Once we have an estimate of the coefficient of detection ratio, we can calculate the sample size needed for detection from the following parameters:
| Param | Variable Name | Description |
|:-----:|:-------------:|-------------|
| **$n$** | n | the per-day sample size |
| **$t$** | t | the number of days after introduction a variant should be detected by |
| **$P_{V_1}$** | p_detect | the desired prevalence to detect a variant by |
| **$\omega$** | omega | the sequencing success rate |
| **$P_{0_{V_1}}$** | p0_v1 | the initial variant prevalence (# introductions / population size) |
| **$r_{V_1}$** | r_v1 | the estimated logistic growth rate of the variant (per day) |
| **$\frac{C_{V_1}}{C_{V_2}}$** | c_ratio | the coefficient of detection ratio, calculated as the ratio of the coefficients of variant 1 to variant 2 (can be calculated using `vartrack_cod_ratio()`) |
To calculate the probability of detection assuming periodic sampling, we must provide *either* the number of days after introduction a variant should be detected by ($t$) OR the desired prevalence to detect a variant by ($P_{V_1}$), but not both. All other parameters listed above are required.
Therefore, if we would like to know the probability of detecting a variant by the time it reaches 1% prevalence in the population, we can apply the `vartrack_prob_detect()` function as follows:
```{r setup, message=FALSE}
library(phylosamp)
```
```{r calc_samplesize_detect_cont}
c1_c2 <- vartrack_cod_ratio(phi_v1=0.975, phi_v2=0.95, gamma_v1=0.8, gamma_v2=0.6)
vartrack_prob_detect(n=20, p_v1=0.01, omega=0.8, p0_v1=3/10000,
r_v1=0.1, c_ratio=c1_c2, sampling_freq="cont")
```
In other words, we have a 90% probability of detecting a variant by the time it reaches a frequency of 1% in the population if we sequence 20 samples per day (which results in 16 high-quality sequences that can be used for characterization, due to $\omega=0.8$).
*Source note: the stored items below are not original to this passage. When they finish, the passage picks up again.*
lemma sum_powr_le_if_weak_submajorized:
  assumes "1 \<le> n" "1 \<le> alpha" "\<forall>i\<in>{1..n}. 0 < lam i" "\<forall>i\<in>{1..n}. 0 < lam' i"
    and "\<forall>j\<in>{1..n}. (\<Sum>i=j..n. ord_stat n lam' i) \<le> (\<Sum>i=j..n. ord_stat n lam i)"
  shows "(\<Sum>i=1..n. lam' i powr alpha) \<le> (\<Sum>i=1..n. lam i powr alpha)"
proof -
  define a where "a k = ord_stat n lam k" for k
  define b where "b k = ord_stat n lam' k" for k
  define c where "c k = alpha * b k powr (alpha - 1)" for k
  have a_pos: "0 < a k" and b_pos: "0 < b k" if "1 \<le> k" "k \<le> n" for k
    using ord_stat_pos that assms(3,4) by (auto simp: a_def b_def)
  have "(\<Sum>k=1..n. c k * (a k - b k)) \<le> (\<Sum>k=1..n. a k powr alpha - b k powr alpha)"
    using powr_ge_tangent_convex[OF \<open>1 \<le> alpha\<close>] a_pos b_pos by (intro sum_mono) (auto simp: c_def)
  moreover have "0 \<le> (\<Sum>k=1..n. c k * (a k - b k))"
  proof (rule sum_mult_nonneg_if_suffix_sums_nonneg[OF \<open>1 \<le> n\<close>])
    fix i j assume ij: "1 \<le> i" "i \<le> j" "j \<le> n"
    then have "b i powr (alpha - 1) \<le> b j powr (alpha - 1)"
      using b_pos[of i] ord_stat_mono[OF ij] \<open>1 \<le> alpha\<close> by (intro powr_mono2) (auto simp: b_def)
    then show "c i \<le> c j"
      using \<open>1 \<le> alpha\<close> by (simp add: c_def)
  next
    fix j assume "1 \<le> j" "j \<le> n"
    then show "0 \<le> (\<Sum>i=j..n. a i - b i)"
      using assms(5) by (simp add: a_def b_def sum_subtractf)
  qed (use \<open>1 \<le> alpha\<close> in \<open>simp add: c_def\<close>)
  ultimately show ?thesis
    using ord_stat_sum[of "\<lambda>t. t powr alpha" n lam] ord_stat_sum[of "\<lambda>t. t powr alpha" n lam']
    by (simp add: a_def b_def sum_subtractf)
qed

lemma sum_powr_le_if_weak_supermajorized:
  assumes "1 \<le> n" "0 < alpha" "alpha \<le> 1" "\<forall>i\<in>{1..n}. 0 < lam i" "\<forall>i\<in>{1..n}. 0 < lam' i"
    and "\<forall>j\<in>{1..n}. (\<Sum>i=1..j. ord_stat n lam i) \<le> (\<Sum>i=1..j. ord_stat n lam' i)"
  shows "(\<Sum>i=1..n. lam i powr alpha) \<le> (\<Sum>i=1..n. lam' i powr alpha)"
proof -
  define a where "a k = ord_stat n lam k" for k
  define b where "b k = ord_stat n lam' k" for k
  define c where "c k = alpha * b k powr (alpha - 1)" for k
  have a_pos: "0 < a k" and b_pos: "0 < b k" if "1 \<le> k" "k \<le> n" for k
    using ord_stat_pos that assms(4,5) by (auto simp: a_def b_def)
  have "(\<Sum>k=1..n. a k powr alpha - b k powr alpha) \<le> (\<Sum>k=1..n. c k * (a k - b k))"
    using powr_le_tangent_concave[OF \<open>0 < alpha\<close> \<open>alpha \<le> 1\<close>] a_pos b_pos
    by (intro sum_mono) (auto simp: c_def)
  moreover have "(\<Sum>k=1..n. c k * (a k - b k)) \<le> 0"
  proof (rule sum_mult_nonpos_if_prefix_sums_nonpos[OF \<open>1 \<le> n\<close>])
    fix i j assume ij: "1 \<le> i" "i \<le> j" "j \<le> n"
    then have "b j powr (alpha - 1) \<le> b i powr (alpha - 1)"
      using b_pos[of i] ord_stat_mono[OF ij] \<open>alpha \<le> 1\<close> by (intro powr_mono2') (auto simp: b_def)
    then show "c j \<le> c i"
      using \<open>0 < alpha\<close> by (simp add: c_def)
  next
    fix j assume "1 \<le> j" "j \<le> n"
    then show "(\<Sum>i=1..j. a i - b i) \<le> 0"
      using assms(6) by (simp add: a_def b_def sum_subtractf)
  qed (use \<open>0 < alpha\<close> in \<open>simp add: c_def\<close>)
  ultimately show ?thesis
    using ord_stat_sum[of "\<lambda>t. t powr alpha" n lam] ord_stat_sum[of "\<lambda>t. t powr alpha" n lam']
    by (simp add: a_def b_def sum_subtractf)
qed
If instead we are interested in detecting a variant within the first month of its introduction into the population (assuming all other parameters are the same as above), we can use the `calc_prob_detect()` function as follows:
```{r calc_samplesize_detect_cont2}
c1_c2 <- vartrack_cod_ratio(phi_v1=0.975, phi_v2=0.95, gamma_v1=0.8, gamma_v2=0.6)
vartrack_prob_detect(n=20, t=30, omega=0.8, p0_v1=3/10000, r_v1=0.1,
c_ratio=c1_c2, sampling_freq="cont")
```
Here we can see that we have only a 71% chance of detecting the variant within 30 days given the same sampling scheme and sequencing success rate.
##### Variant prevalence
![**Figure 2.** The `phylosamp` package currently does not provide functionality for estimating the confidence in a prevalence estimate given a periodic sampling strategy.](variant-surveillance-decision-tree-06.png){width=80%}
The `phylosamp` package currently does not provide functionality for estimating the confidence in a prevalence estimate given a periodic sampling strategy. However, it can be used to calculate the sample size needed given a confidence level and either [periodic](V4_SampleSizePeriodic.html) or [cross-sectional](V2_SampleSizeCrossSectional.html) sampling strategies.